# FUNCTION

# Public

# UCT (&KEY ROOT FRESH-ROOT-STATE EXPLORATION-BIAS MAX-N-PLAYOUTS)

Starting from the ROOT node search the tree expanding it one node
for each playout. Finally return the mutated ROOT. ROOT may be the
root node of any tree, need not be a single node with no edges.
FRESH-ROOT-STATE is a function that returns a fresh state
corresponding to ROOT. This state will be destroyed unless special
care is taken in STATE.

# Undocumented

# UNVISITED-EDGES (NODE)

# VISITED-EDGES (NODE)

# Private

# Undocumented

# EXTREMUM (SEQ PRED &KEY (KEY #'IDENTITY))

# RANDOM-ELEMENT (SEQ)

# GENERIC-FUNCTION

# Public

# MAKE-UCT-NODE (PARENT EDGE PARENT-STATE)

Create a node representing the state of that EDGE
leads to from PARENT. Specialize this if you want to keep track of the
state which is not done by default as it can be expensive, especially
in light of TAKE-ACTION mutating it. The default implementation simply
creates an instance of the class of PARENT so that one can start from
a subclass of UCT-NODE and be sure that that class is going to be used
for nodes below it.

# OUTCOME->REWARD (NODE OUTCOME)

Compute the reward for a node in the tree from
OUTCOME that is the result of a playout. This is called by the default
implementation of UPDATE-UCT-STATISTICS. This is where one typically
negates depending on the parity of DEPTH in two player games.

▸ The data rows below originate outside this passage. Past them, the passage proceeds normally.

(* Let $M$ be a Hausdorff space satisfying the first axiom of countability and the Lindelöf condition, and let $\mathcal{I}$ be a $\sigma$-ideal in the Borel $\sigma$-algebra $\mathcal{B}(M)$ containing all singletons $\{x\}$, $x\in M$. Then the quotient $\sigma$-algebra $\mathcal{B}(M)/\mathcal{I}$ has no points.
   Context: A $\sigma$-ideal $\mathcal{I}$ of a $\sigma$-algebra $\mathcal{B}$ is a nonempty subset closed under $A\mapsto A\wedge B$ ($B\in\mathcal{B}$) and under countable joins. The quotient $\mathcal{B}/\mathcal{I}$ is the set of classes of the equivalence $a\sim b\iff\exists p\in\mathcal{I}: a\vee p=b\vee p$, with the induced Boolean $\sigma$-algebra operations $[a]\vee[b]=[a\vee b]$, $[a]\wedge[b]=[a\wedge b]$, $[a]^\perp=[a^\perp]$, countable joins $\bigvee_n[a_n]=[\bigvee_n a_n]$. A point in a $\sigma$-complete lattice $\mathbb{L}$ is a nonempty subset $\mathfrak{p}$ with: (1) $0\notin\mathfrak{p}$; (2) $a,b\in\mathfrak{p}\Rightarrow a\wedge b\in\mathfrak{p}$; (3) $a\in\mathfrak{p}$, $a\le b\Rightarrow b\in\mathfrak{p}$; (4) for every countable family $(a_n)$ with $\bigvee_n a_n\in\mathfrak{p}$ there is $n$ with $a_n\in\mathfrak{p}$. *)

theory Defs
  imports "HOL-Analysis.Analysis"
begin

definition Borel_sets :: "'a topology \<Rightarrow> 'a set set" where
  "Borel_sets X = sigma_sets (topspace X) {U. openin X U}"

definition sigma_ideal :: "'a set set \<Rightarrow> 'a set set \<Rightarrow> bool" where
  "sigma_ideal B I \<longleftrightarrow> I \<noteq> {} \<and> I \<subseteq> B \<and>
     (\<forall>A\<in>I. \<forall>C\<in>B. A \<inter> C \<in> I) \<and>
     (\<forall>F::nat \<Rightarrow> 'a set. range F \<subseteq> I \<longrightarrow> (\<Union>n. F n) \<in> I)"

definition qequiv :: "'a set set \<Rightarrow> 'a set \<Rightarrow> 'a set \<Rightarrow> bool" where
  "qequiv I a b \<longleftrightarrow> (\<exists>p\<in>I. a \<union> p = b \<union> p)"

definition qclass :: "'a set set \<Rightarrow> 'a set set \<Rightarrow> 'a set \<Rightarrow> 'a set set" where
  "qclass B I a = {b\<in>B. qequiv I a b}"

definition quot :: "'a set set \<Rightarrow> 'a set set \<Rightarrow> 'a set set set" where
  "quot B I = qclass B I ` B"

definition qrep :: "'a set set \<Rightarrow> 'a set set \<Rightarrow> 'a set set \<Rightarrow> 'a set" where
  "qrep B I x = (SOME a. a \<in> B \<and> x = qclass B I a)"

definition qinf :: "'a set set \<Rightarrow> 'a set set \<Rightarrow> 'a set set \<Rightarrow> 'a set set \<Rightarrow> 'a set set" where
  "qinf B I x y = qclass B I (qrep B I x \<inter> qrep B I y)"

definition qzero :: "'a set set \<Rightarrow> 'a set set \<Rightarrow> 'a set set" where
  "qzero B I = qclass B I {}"

definition qSup :: "'a set set \<Rightarrow> 'a set set \<Rightarrow> (nat \<Rightarrow> 'a set set) \<Rightarrow> 'a set set" where
  "qSup B I F = qclass B I (\<Union>n. qrep B I (F n))"

definition qle :: "'a set set \<Rightarrow> 'a set set \<Rightarrow> 'a set set \<Rightarrow> 'a set set \<Rightarrow> bool" where
  "qle B I x y \<longleftrightarrow> qinf B I x y = x"

definition is_point :: "'a set set \<Rightarrow> 'a set set \<Rightarrow> 'a set set set \<Rightarrow> bool" where
  "is_point B I P \<longleftrightarrow> P \<noteq> {} \<and> P \<subseteq> quot B I \<and>
     qzero B I \<notin> P \<and>
     (\<forall>x\<in>P. \<forall>y\<in>P. qinf B I x y \<in> P) \<and>
     (\<forall>x\<in>P. \<forall>y\<in>quot B I. qle B I x y \<longrightarrow> y \<in> P) \<and>
     (\<forall>F. range F \<subseteq> quot B I \<longrightarrow> qSup B I F \<in> P \<longrightarrow> (\<exists>n. F n \<in> P))"

end

theory Submission
  imports Defs
begin

text \<open>Suppose \<open>P\<close> were a point of \<open>\<B>(M)/\<I>\<close>. For each \<open>x\<close>, first countability and the
  Hausdorff property give countably many open neighbourhoods \<open>V\<^sub>n\<close> of \<open>x\<close> whose closures meet
  in \<open>{x}\<close>, so \<open>M\<close> is \<open>{x}\<close> together with the countably many open sets \<open>M - cl V\<^sub>n\<close>. As
  \<open>{x} \<in> \<I>\<close> and \<open>[M] \<in> P\<close>, some \<open>[M - cl V\<^sub>n]\<close> lies in \<open>P\<close>: every point has an open
  neighbourhood \<open>V\<^sub>x\<close> with \<open>[M - cl V\<^sub>x] \<in> P\<close>. By the Lindelof property countably many \<open>V\<^sub>x\<close>
  cover \<open>M\<close>, so some \<open>[V\<^sub>x] \<in> P\<close> too; but \<open>V\<^sub>x\<close> and \<open>M - cl V\<^sub>x\<close> are disjoint, forcing
  \<open>0 \<in> P\<close>.\<close>

lemma sigma_ideal_Un:
  assumes "sigma_ideal B I" "p \<in> I" "q \<in> I"
  shows "p \<union> q \<in> I"
proof -
  let ?F = "\<lambda>n::nat. if n = 0 then p else q"
  have "range ?F \<subseteq> I" using assms(2,3) by auto
  then have "(\<Union>n. ?F n) \<in> I" using assms(1) unfolding sigma_ideal_def by blast
  moreover have "(\<Union>n. ?F n) = p \<union> q" by (auto split: if_splits)
  ultimately show ?thesis by simp
qed

lemma qequiv_refl: "sigma_ideal B I \<Longrightarrow> qequiv I a a"
  unfolding qequiv_def sigma_ideal_def by auto

lemma qequiv_sym: "qequiv I a b \<Longrightarrow> qequiv I b a"
  unfolding qequiv_def by metis

lemma qequiv_trans:
  assumes "sigma_ideal B I" "qequiv I a b" "qequiv I b c"
  shows "qequiv I a c"
proof -
  obtain p q where "p \<in> I" "q \<in> I" "a \<union> p = b \<union> p" "b \<union> q = c \<union> q"
    using assms(2,3) unfolding qequiv_def by blast
  then have "p \<union> q \<in> I" "a \<union> (p \<union> q) = c \<union> (p \<union> q)"
    using sigma_ideal_Un[OF assms(1)] by blast+
  then show ?thesis unfolding qequiv_def by blast
qed

lemma qclass_eq:
  assumes "sigma_ideal B I" "qequiv I a b"
  shows "qclass B I a = qclass B I b"
proof -
  have "qequiv I a c \<longleftrightarrow> qequiv I b c" for c
    using assms qequiv_trans[OF assms(1)] qequiv_sym by metis
  then show ?thesis unfolding qclass_def by simp
qed

lemma qclass_self: "sigma_ideal B I \<Longrightarrow> a \<in> B \<Longrightarrow> a \<in> qclass B I a"
  unfolding qclass_def using qequiv_refl by blast

lemma qrep_in_quot:
  assumes "x \<in> quot B I"
  shows "qrep B I x \<in> B" "qclass B I (qrep B I x) = x"
proof -
  have "\<exists>a. a \<in> B \<and> x = qclass B I a" using assms unfolding quot_def by blast
  from someI_ex[OF this] show "qrep B I x \<in> B" "qclass B I (qrep B I x) = x"
    unfolding qrep_def by auto
qed

lemma qequiv_qrep_qclass:
  assumes "sigma_ideal B I" "a \<in> B"
  shows "qequiv I a (qrep B I (qclass B I a))"
proof -
  let ?x = "qclass B I a"
  have x: "?x \<in> quot B I" using assms(2) unfolding quot_def by blast
  have "qrep B I ?x \<in> qclass B I (qrep B I ?x)"
    using qclass_self[OF assms(1) qrep_in_quot(1)[OF x]] .
  then have "qrep B I ?x \<in> ?x" unfolding qrep_in_quot(2)[OF x] .
  then show ?thesis unfolding qclass_def by blast
qed

lemma qinf_qclass:
  assumes "sigma_ideal B I" "a \<in> B" "b \<in> B"
  shows "qinf B I (qclass B I a) (qclass B I b) = qclass B I (a \<inter> b)"
proof -
  let ?a' = "qrep B I (qclass B I a)" and ?b' = "qrep B I (qclass B I b)"
  obtain p where p: "p \<in> I" "a \<union> p = ?a' \<union> p"
    using qequiv_qrep_qclass[OF assms(1,2)] unfolding qequiv_def by blast
  obtain q where q: "q \<in> I" "b \<union> q = ?b' \<union> q"
    using qequiv_qrep_qclass[OF assms(1,3)] unfolding qequiv_def by blast
  have "(?a' \<inter> ?b') \<union> (p \<union> q) = (a \<inter> b) \<union> (p \<union> q)"
    using p(2) q(2) by blast
  then have "qequiv I (?a' \<inter> ?b') (a \<inter> b)"
    unfolding qequiv_def using sigma_ideal_Un[OF assms(1) p(1) q(1)] by blast
  then show ?thesis unfolding qinf_def by (rule qclass_eq[OF assms(1)])
qed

# PLAY-OUT (NODE STATE REVERSE-PATH)

Play a random game from NODE with STATE and return
the outcome that's fed into UPDATE-UCT-STATISTICS. The way the random
game is played is referred to as `default policy' and that's what
makes or breaks UCT search. This function must be customized.

# SELECT-EDGE (NODE EXPLORATION-BIAS)

Choose an action to take from a state, in other
words an edge to follow from NODE in the tree. The default
implementation chooses randomly from the yet unvisited edges or if
there is none moves down the edge with the maximum EDGE-SCORE. If you
are thinking of customizing this, for example to make it choose the
minimum at odd depths, the you may want to consider specializing
REWARD or UPDATE-UCT-STATISTICS instead.

# STATE (NODE PARENT EDGE PARENT-STATE)

Return the state that corresponds to NODE. This is
not a straightforward accessor unless NODE is customized to store it.
The rest of the parameters are provided so that one can reconstruct
the state by taking the action of EDGE in the PARENT-STATE of PARENT.
It's okay to destroy PARENT-STATE in the process as long as it's not
stored elsewhere. This function must be customized.

# UPDATE-UCT-STATISTICS (ROOT PATH OUTCOME)

Increment the number of visits and update the
average reward in nodes and edges of PATH. By default, edges simply
get their visit counter incremented while nodes also get an update to
AVERAGE-REWARD based on what OUTCOME->REWARD returns.

# Undocumented

# EDGE-SCORE (NODE EDGE EXPLORATION-BIAS)

# Private

# LIST-EDGES (NODE STATE)

Return a list of edges representing the possible
actions from NODE with STATE. This function must be customized.

# SLOT-ACCESSOR

# Public

# ACTION (OBJECT)

The action represented by the edge.

# AVERAGE-REWARD (OBJECT)

Average reward over random playouts started from
below this node. See UPDATE-UCT-STATISTICS and REWARD.

# SETFAVERAGE-REWARD (NEW-VALUE OBJECT)

Average reward over random playouts started from
below this node. See UPDATE-UCT-STATISTICS and REWARD.

# EDGES (OBJECT)

Outgoing edges.

# SETFEDGES (NEW-VALUE OBJECT)

Outgoing edges.

# FROM-NODE (OBJECT)

The node this edge starts from.

# SETFFROM-NODE (NEW-VALUE OBJECT)

The node this edge starts from.

# N-VISITS (OBJECT)

The number of times this action was taken from the
parent state.

# SETFN-VISITS (NEW-VALUE OBJECT)

The number of times this action was taken from the
parent state.

# TO-NODE (OBJECT)

The node this edge points to.

# SETFTO-NODE (NEW-VALUE OBJECT)

The node this edge points to.

# Undocumented

# DEPTH (OBJECT)

# CLASS

# Public

# UCT-EDGE

An edge in the UCT tree. Represents an action taken
from a state. The value of an action is the value of its target state
which is not quite as generic as it could be; feel free to specialize
AVERAGE-REWARD for the edges if that's not the case.

# UCT-NODE

A node in the UCT tree. Roughly translates to a
state in the search space. Note that the state itself is not stored
explicity, but it can be recovered by `replaying' the actions from the
starting state or by customizing MAKE-UCT-NODE.